## Work order
Beginning with the very first line, please reproduce the entries exactly through the line containing "(\<forall>u. \<not> E u u)".

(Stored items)
(* Let $G$ be a graph of order $n\ge 2$. Then $\gamma^{SLD}(G)=n$ if and only if every maximal vertex of the vicinal preorder of $G$ has a twin.
   Context: All graphs are finite, simple and undirected (not necessarily connected). For $u\in V$, $N(u)$ is the set of neighbours of $u$ and $N[u]=N(u)\cup\{u\}$. A code is a non-empty subset $C\subseteq V$; $I(C;u)=N[u]\cap C$. A code $C$ is self-locating-dominating if for every $u\in V\setminus C$ we have $I(C;u)\neq\emptyset$ and $\bigcap_{c\in I(C;u)}N[c]=\{u\}$; $\gamma^{SLD}(G)$ is the minimum size of such a code. The vicinal preorder $\lesssim$ on $V(G)$ is defined by $x\lesssim y$ iff $N(x)\subseteq N[y]$. Write $x<y$ if $x\lesssim y$ and not $y\lesssim x$. A vertex $x$ is maximal if there is no vertex $y$ with $x<y$. Distinct vertices $u,v$ are twins if $N(u)=N(v)$ (false twins) or $N[u]=N[v]$ (true twins). *)

theory Defs
  imports Main
begin

definition graph :: "'a set \<Rightarrow> ('a \<Rightarrow> 'a \<Rightarrow> bool) \<Rightarrow> bool" where
  "graph V E \<longleftrightarrow> finite V \<and> (\<forall>u v. E u v \<longrightarrow> E v u) \<and> (\<forall>u. \<not> E u u)
     \<and> (\<forall>u v. E u v \<longrightarrow> u \<in> V \<and> v \<in> V)"

definition nbhd :: "'a set \<Rightarrow> ('a \<Rightarrow> 'a \<Rightarrow> bool) \<Rightarrow> 'a \<Rightarrow> 'a set" where
  "nbhd V E u = {v \<in> V. E u v}"

definition cnbhd :: "'a set \<Rightarrow> ('a \<Rightarrow> 'a \<Rightarrow> bool) \<Rightarrow> 'a \<Rightarrow> 'a set" where
  "cnbhd V E u = insert u (nbhd V E u)"

definition is_SLD :: "'a set \<Rightarrow> ('a \<Rightarrow> 'a \<Rightarrow> bool) \<Rightarrow> 'a set \<Rightarrow> bool" where
  "is_SLD V E C \<longleftrightarrow> C \<noteq> {} \<and> C \<subseteq> V \<and>
     (\<forall>u \<in> V - C. cnbhd V E u \<inter> C \<noteq> {} \<and>
        (\<Inter>c \<in> cnbhd V E u \<inter> C. cnbhd V E c) = {u})"

definition gamma_SLD :: "'a set \<Rightarrow> ('a \<Rightarrow> 'a \<Rightarrow> bool) \<Rightarrow> nat" where
  "gamma_SLD V E = Min (card ` {C. is_SLD V E C})"

definition vic_le :: "'a set \<Rightarrow> ('a \<Rightarrow> 'a \<Rightarrow> bool) \<Rightarrow> 'a \<Rightarrow> 'a \<Rightarrow> bool" where
  "vic_le V E x y \<longleftrightarrow> nbhd V E x \<subseteq> cnbhd V E y"

definition vic_less :: "'a set \<Rightarrow> ('a \<Rightarrow> 'a \<Rightarrow> bool) \<Rightarrow> 'a \<Rightarrow> 'a \<Rightarrow> bool" where
  "vic_less V E x y \<longleftrightarrow> vic_le V E x y \<and> \<not> vic_le V E y x"

definition vic_maximal :: "'a set \<Rightarrow> ('a \<Rightarrow> 'a \<Rightarrow> bool) \<Rightarrow> 'a \<Rightarrow> bool" where
  "vic_maximal V E x \<longleftrightarrow> x \<in> V \<and> \<not> (\<exists>y \<in> V. vic_less V E x y)"

definition twins :: "'a set \<Rightarrow> ('a \<Rightarrow> 'a \<Rightarrow> bool) \<Rightarrow> 'a \<Rightarrow> 'a \<Rightarrow> bool" where
  "twins V E u v \<longleftrightarrow> u \<noteq> v \<and> (nbhd V E u = nbhd V E v \<or> cnbhd V E u = cnbhd V E v)"

end

theory Submission
  imports Defs
begin

text \<open>Supersets of SLD-codes are SLD-codes, so \<open>\<gamma>\<^sup>S\<^sup>L\<^sup>D(G) = n\<close> exactly when no code
  \<open>V - {x}\<close> is self-locating-dominating. For such a code only \<open>x\<close> itself has to be located:
  \<open>I(C;x) = N(x)\<close>, and the intersection of the \<open>N[c]\<close> over \<open>c \<in> N(x)\<close> is the set of all \<open>y\<close>
  with \<open>x \<lesssim> y\<close>. Hence \<open>\<gamma>\<^sup>S\<^sup>L\<^sup>D(G) = n\<close> iff every vertex lies below some other vertex
  (an isolated vertex lies below every vertex). A non-maximal vertex always does, and a maximal
  one does iff it has a twin, because twins are exactly distinct vertices with \<open>x \<lesssim> y \<lesssim> x\<close>.\<close>

lemma graph_cnbhd_sym: "graph V E \<Longrightarrow> c \<in> cnbhd V E u \<Longrightarrow> u \<in> cnbhd V E c"
  unfolding graph_def cnbhd_def nbhd_def by auto

lemma vic_le_refl: "vic_le V E x x"
  unfolding vic_le_def cnbhd_def by auto

lemma twins_iff_vic_le_both:
  assumes "graph V E" and "x \<in> V" and "y \<in> V"
  shows "twins V E x y \<longleftrightarrow> x \<noteq> y \<and> vic_le V E x y \<and> vic_le V E y x"
proof -
  have sym: "\<And>u v. E u v \<Longrightarrow> E v u" and irr: "\<And>u. \<not> E u u"
    using assms(1) unfolding graph_def by auto
  have "nbhd V E x = nbhd V E y \<or> cnbhd V E x = cnbhd V E y"
    if "vic_le V E x y" "vic_le V E y x" "x \<noteq> y"
  proof (cases "E x y")
    case True
    then have "cnbhd V E x = cnbhd V E y"
      using that assms(2,3) unfolding vic_le_def cnbhd_def nbhd_def by (blast dest: sym)
    then show ?thesis ..
  next
    case False
    then have "nbhd V E x = nbhd V E y"
      using that irr unfolding vic_le_def cnbhd_def nbhd_def by (blast dest: sym)
    then show ?thesis ..
  qed
  then show ?thesis
    unfolding twins_def vic_le_def cnbhd_def by blast
qed

lemma is_SLD_superset:
  assumes g: "graph V E" and C: "is_SLD V E C" and "C \<subseteq> D" and "D \<subseteq> V"
  shows "is_SLD V E D"
  unfolding is_SLD_def
proof (intro conjI ballI)
  show "D \<noteq> {}" and "D \<subseteq> V"
    using C assms(3,4) unfolding is_SLD_def by auto
  fix u assume u: "u \<in> V - D"
  then have "u \<in> V - C"
    using assms(3) by blast
  then have dom: "cnbhd V E u \<inter> C \<noteq> {}" and loc: "(\<Inter>c \<in> cnbhd V E u \<inter> C. cnbhd V E c) = {u}"
    using C unfolding is_SLD_def by blast+
  from dom show "cnbhd V E u \<inter> D \<noteq> {}"
    using assms(3) by blast
  have "u \<in> (\<Inter>c \<in> cnbhd V E u \<inter> D. cnbhd V E c)"
    using graph_cnbhd_sym[OF g] by auto
  then show "(\<Inter>c \<in> cnbhd V E u \<inter> D. cnbhd V E c) = {u}"
    using loc assms(3) by blast
qed

lemma gamma_SLD_eq_card_iff:
  assumes g: "graph V E" and "V \<noteq> {}"
  shows "gamma_SLD V E = card V \<longleftrightarrow> (\<forall>x\<in>V. \<not> is_SLD V E (V - {x}))"
proof -
  have fin: "finite V"
    using g unfolding graph_def by auto
  let ?S = "card ` {C. is_SLD V E C}"
  have "{C. is_SLD V E C} \<subseteq> Pow V"
    unfolding is_SLD_def by auto
  then have finS: "finite ?S"
    using fin by (meson finite_Pow_iff finite_imageI finite_subset)
  have V_in_S: "card V \<in> ?S"
    using assms unfolding is_SLD_def by auto
  show ?thesis
  proof
    assume "gamma_SLD V E = card V"
    moreover have "Min ?S \<le> card C" if "is_SLD V E C" for C
      using finS that by (intro Min_le) auto
    ultimately have "card V \<le> card C" if "is_SLD V E C" for C
      using that unfolding gamma_SLD_def by simp
    then show "\<forall>x\<in>V. \<not> is_SLD V E (V - {x})"
      using card_Diff1_less[OF fin] by (meson not_le)
  next
    assume none: "\<forall>x\<in>V. \<not> is_SLD V E (V - {x})"
    have "C = V" if C: "is_SLD V E C" for C
    proof (rule ccontr)
      assume "C \<noteq> V"
      moreover have "C \<subseteq> V"
        using C unfolding is_SLD_def by auto
      ultimately obtain x where "x \<in> V" "x \<notin> C"
        by auto
      then have "is_SLD V E (V - {x})"
        by (intro is_SLD_superset[OF g C]) (use \<open>C \<subseteq> V\<close> in auto)
      with none \<open>x \<in> V\<close> show False
        by blast
    qed
    then have "?S = {card V}"
      using V_in_S by auto
    then show "gamma_SLD V E = card V"
      unfolding gamma_SLD_def by simp
  qed
qed

lemma is_SLD_Diff_singleton_iff:
  assumes g: "graph V E" and x: "x \<in> V" and ne: "V - {x} \<noteq> {}"
  shows "is_SLD V E (V - {x}) \<longleftrightarrow>
     nbhd V E x \<noteq> {} \<and> (\<forall>y\<in>V. y \<noteq> x \<longrightarrow> \<not> vic_le V E x y)"
proof -
  let ?L = "\<Inter>c \<in> nbhd V E x. cnbhd V E c"
  have code: "cnbhd V E x \<inter> (V - {x}) = nbhd V E x" and rest: "V - (V - {x}) = {x}"
    using g x unfolding graph_def cnbhd_def nbhd_def by auto
  have L: "y \<in> ?L \<longleftrightarrow> vic_le V E x y" if "y \<in> V" for y
    using g that unfolding vic_le_def cnbhd_def nbhd_def graph_def by auto
  have L_sub: "?L \<subseteq> V" if "nbhd V E x \<noteq> {}"
    using that g unfolding nbhd_def cnbhd_def graph_def by blast
  have "is_SLD V E (V - {x}) \<longleftrightarrow> nbhd V E x \<noteq> {} \<and> ?L = {x}"
    unfolding is_SLD_def rest using ne code by simp
  also have "\<dots> \<longleftrightarrow> nbhd V E x \<noteq> {} \<and> (\<forall>y\<in>V. y \<noteq> x \<longrightarrow> \<not> vic_le V E x y)"
  proof (intro conj_cong refl)
    assume ne_x: "nbhd V E x \<noteq> {}"
    have "x \<in> ?L"
      using L[OF x] vic_le_refl by simp
    with L L_sub[OF ne_x]
    show "?L = {x} \<longleftrightarrow> (\<forall>y\<in>V. y \<noteq> x \<longrightarrow> \<not> vic_le V E x y)"
      by blast
  qed
  finally show ?thesis .
qed

lemma card_ge_2_Diff_singleton_ne:
  assumes "card V \<ge> 2"
  shows "V - {x} \<noteq> {}"
proof
  assume "V - {x} = {}"
  then have "V = {} \<or> V = {x}"
    by (intro subset_singletonD) blast
  with assms show False
    by auto
qed

lemma gamma_SLD_eq_card_iff_vic_le_other:
  assumes g: "graph V E" and n: "card V \<ge> 2"
  shows "gamma_SLD V E = card V \<longleftrightarrow> (\<forall>x\<in>V. \<exists>y\<in>V. y \<noteq> x \<and> vic_le V E x y)"
proof -
  have other: "V - {x} \<noteq> {}" for x
    using card_ge_2_Diff_singleton_ne[OF n] .
  have no_deletion: "\<not> is_SLD V E (V - {x}) \<longleftrightarrow> (\<exists>y\<in>V. y \<noteq> x \<and> vic_le V E x y)"
    if x: "x \<in> V" for x
  proof (cases "nbhd V E x = {}")
    case True
    then have "\<not> is_SLD V E (V - {x})"
      using is_SLD_Diff_singleton_iff[OF g x other] by simp
    moreover obtain y where "y \<in> V" "y \<noteq> x"
      using other[of x] by blast
    moreover have "vic_le V E x y"
      using True unfolding vic_le_def by simp
    ultimately show ?thesis
      by blast
  next
    case False
    then show ?thesis
      using is_SLD_Diff_singleton_iff[OF g x other] by simp
  qed
  have "V \<noteq> {}"
    using other by blast
  then show ?thesis
    by (simp add: gamma_SLD_eq_card_iff[OF g] no_deletion)
qed

lemma maximal_has_twin_iff:
  assumes g: "graph V E" and m: "vic_maximal V E x"
  shows "(\<exists>y\<in>V. twins V E x y) \<longleftrightarrow> (\<exists>y\<in>V. y \<noteq> x \<and> vic_le V E x y)"
  using m twins_iff_vic_le_both[OF g]
  unfolding vic_maximal_def vic_less_def by blast

lemma not_maximal_vic_le_other:
  assumes "x \<in> V" and "\<not> vic_maximal V E x"
  shows "\<exists>y\<in>V. y \<noteq> x \<and> vic_le V E x y"
  using assms unfolding vic_maximal_def vic_less_def by (metis vic_le_refl)

theorem mainTheorem5:
  fixes V :: "'a set" and E :: "'a \<Rightarrow> 'a \<Rightarrow> bool"
  assumes "graph V E" and "card V \<ge> 2"
  shows "gamma_SLD V E = card V \<longleftrightarrow>
         (\<forall>x. vic_maximal V E x \<longrightarrow> (\<exists>y \<in> V. twins V E x y))"
proof -
  have "(\<exists>y\<in>V. y \<noteq> x \<and> vic_le V E x y) \<longleftrightarrow>
        (vic_maximal V E x \<longrightarrow> (\<exists>y \<in> V. twins V E x y))" if "x \<in> V" for x
    using maximal_has_twin_iff[OF assms(1)] not_maximal_vic_le_other[OF that] by blast
  moreover have "vic_maximal V E x \<Longrightarrow> x \<in> V" for x
    by (simp add: vic_maximal_def)
  ultimately show ?thesis
    unfolding gamma_SLD_eq_card_iff_vic_le_other[OF assms] by blast
qed

end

## Task answer
(* Let $G$ be a graph of order $n\ge 2$. Then $\gamma^{SLD}(G)=n$ if and only if every maximal vertex of the vicinal preorder of $G$ has a twin.
   Context: All graphs are finite, simple and undirected (not necessarily connected). For $u\in V$, $N(u)$ is the set of neighbours of $u$ and $N[u]=N(u)\cup\{u\}$. A code is a non-empty subset $C\subseteq V$; $I(C;u)=N[u]\cap C$. A code $C$ is self-locating-dominating if for every $u\in V\setminus C$ we have $I(C;u)\neq\emptyset$ and $\bigcap_{c\in I(C;u)}N[c]=\{u\}$; $\gamma^{SLD}(G)$ is the minimum size of such a code. The vicinal preorder $\lesssim$ on $V(G)$ is defined by $x\lesssim y$ iff $N(x)\subseteq N[y]$. Write $x<y$ if $x\lesssim y$ and not $y\lesssim x$. A vertex $x$ is maximal if there is no vertex $y$ with $x<y$. Distinct vertices $u,v$ are twins if $N(u)=N(v)$ (false twins) or $N[u]=N[v]$ (true twins). *)

theory Defs
  imports Main
begin

definition graph :: "'a set \<Rightarrow> ('a \<Rightarrow> 'a \<Rightarrow> bool) \<Rightarrow> bool" where
  "graph V E \<longleftrightarrow> finite V \<and> (\<forall>u v. E u v \<longrightarrow> E v u) \<and> (\<forall>u. \<not> E u u)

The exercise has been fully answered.